De advocaat van de ouders heeft zich namens de ouders gerefereerd aan het oordeel van de rechtbank. De ouders verzetten zich niet langer tegen toewijzing van de verzochte machtiging. Zij steunen de minderjarige in haar wens om bij de pleegouders te blijven wonen. De minderjarige is gebaat bij duidelijkheid over haar toekomstperspectief. De advocaat heeft ter terechtzitting voorts aangegeven dat de ouders graag zouden zien dat de minderjarige in de toekomst bij de ouders komt logeren.

Beoordeling

De moeder en de pleegouders zijn conform de wettelijke vereisten opgeroepen, doch niet verschenen.
De rechtbank is, gelet op hetgeen uit het dossier en ter terechtzitting naar voren is gekomen, van oordeel dat de in artikel 1:261, eerste lid, van het Burgerlijk Wetboek genoemde gronden voor een machtiging tot uithuisplaatsing nog aanwezig zijn. Daarbij overweegt de rechtbank in het bijzonder dat de minderjarige gebaat is bij duidelijkheid over haar toekomstperspectief. Zij ontwikkelt zich goed bij de pleegouders en is veilig gehecht. De ouders zijn – als gevolg van persoonlijke problematiek – onvoldoende in staat de minderjarige de stabiele situatie te bieden die zij nodig heeft. Echter, zij zijn wel in staat het belang van de minderjarige voorop te stellen.

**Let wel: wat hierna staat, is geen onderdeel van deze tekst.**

text \<open>Since \<open>|A - B| = \<Sum>x\<in>A. (1 - [x \<in> B])\<close> and \<open>[S \<subseteq> B] (1 - [x \<in> B]) = [S \<subseteq> B] - [insert x S \<subseteq> B]\<close>,
  multiplying by \<open>|A - B| - c\<close> raises the size of the indicating sets by at most one.\<close>
lemma mult_card_Diff_in_span_superset_indicators:
  assumes "A \<subseteq> X" and "finite A" and "h \<in> fun_space.span (superset_indicators X r)"
  shows "(\<lambda>B. h B * (of_nat (card (A - B)) - c)) \<in> fun_space.span (superset_indicators X (Suc r))"
  using assms(3)
proof (induction rule: fun_space.span_induct_alt)
  case base
  then show ?case by (simp add: fun_space.span_zero flip: zero_fun_def)
next
  case (step c' f h)
  from step.hyps obtain S where S: "S \<subseteq> X" "card S \<le> r" and f: "f = superset_indicator S"
    unfolding superset_indicators_def by auto
  have "card (insert x S) \<le> Suc r" for x
    using S(2) by (cases "finite S") (auto simp: card_insert_if)
  then have insert_in: "superset_indicator (insert x S) \<in> superset_indicators X (Suc r)"
    if "x \<in> A" for x
    using that S assms(1) unfolding superset_indicators_def by auto
  have f_in: "f \<in> superset_indicators X (Suc r)"
    using S unfolding f superset_indicators_def by auto
  have "(\<Sum>x\<in>A. f - superset_indicator (insert x S)) - scale_fun c f
      \<in> fun_space.span (superset_indicators X (Suc r))"
    by (intro fun_space.span_diff fun_space.span_sum fun_space.span_scale fun_space.span_base
        f_in insert_in)
  moreover have "(\<lambda>B. f B * (of_nat (card (A - B)) - c)) =
        (\<Sum>x\<in>A. f - superset_indicator (insert x S)) - scale_fun c f"
  proof
    fix B
    have "f B * (of_nat (card (A - B)) - c) = (\<Sum>x\<in>A. f B * (1 - of_bool (x \<in> B))) - c * f B"
      by (simp add: of_nat_card_Diff_eq_sum[OF assms(2)] sum_distrib_left algebra_simps)
    also have "\<dots> = (\<Sum>x\<in>A. f B - superset_indicator (insert x S) B) - c * f B"
      by (intro arg_cong2[where f = "(-)"] sum.cong) (auto simp: f superset_indicator_def)
    finally show "f B * (of_nat (card (A - B)) - c) =
        ((\<Sum>x\<in>A. f - superset_indicator (insert x S)) - scale_fun c f) B"
      by (simp add: sum_fun_apply scale_fun_def)
  qed
  ultimately have "(\<lambda>B. f B * (of_nat (card (A - B)) - c)) \<in> fun_space.span (superset_indicators X (Suc r))"
    by simp
  then have "scale_fun c' (\<lambda>B. f B * (of_nat (card (A - B)) - c)) + (\<lambda>B. h B * (of_nat (card (A - B)) - c))
      \<in> fun_space.span (superset_indicators X (Suc r))"
    using step.IH by (intro fun_space.span_add fun_space.span_scale)
  moreover have "(\<lambda>B. (scale_fun c' f + h) B * (of_nat (card (A - B)) - c)) =
      scale_fun c' (\<lambda>B. f B * (of_nat (card (A - B)) - c)) + (\<lambda>B. h B * (of_nat (card (A - B)) - c))"
    by (simp add: fun_eq_iff scale_fun_def algebra_simps)
  ultimately show ?case by simp
qed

Het is in het belang van de minderjarige dat zij in het pleeggezin kan verblijven, zodat de verzochte machtiging zal worden verlengd zoals verzocht.
Derhalve zal als volgt worden beslist.

Beslissing

De kinderrechter:
verlengt de aan de Stichting Bureau Jeugdzorg Zuid-Holland verleende machtiging de minderjarige gedurende dag en nacht uit huis te plaatsen van 1 augustus 2014 tot 18 maart 2015, zijnde de duur van de ondertoezichtstelling, zulks ter effectuering van het aangehechte indicatiebesluit d.d. 21 februari 2014;
verklaart deze beslissing uitvoerbaar bij voorraad.
Deze beschikking is gegeven door mrs. S.M. Borkent, M. Dam en A.J.J.M. Weijnen, allen kinderrechters, en uitgesproken ter openbare terechtzitting van 11 juli 2014 in tegenwoordigheid van L.A. Neuman-Steenaart als griffier.
Van deze beschikking kan hoger beroep worden ingesteld binnen
drie maandenna de dag van de uitspraak door indiening van een beroepschrift bij de griffie van het Gerechtshof Den Haag..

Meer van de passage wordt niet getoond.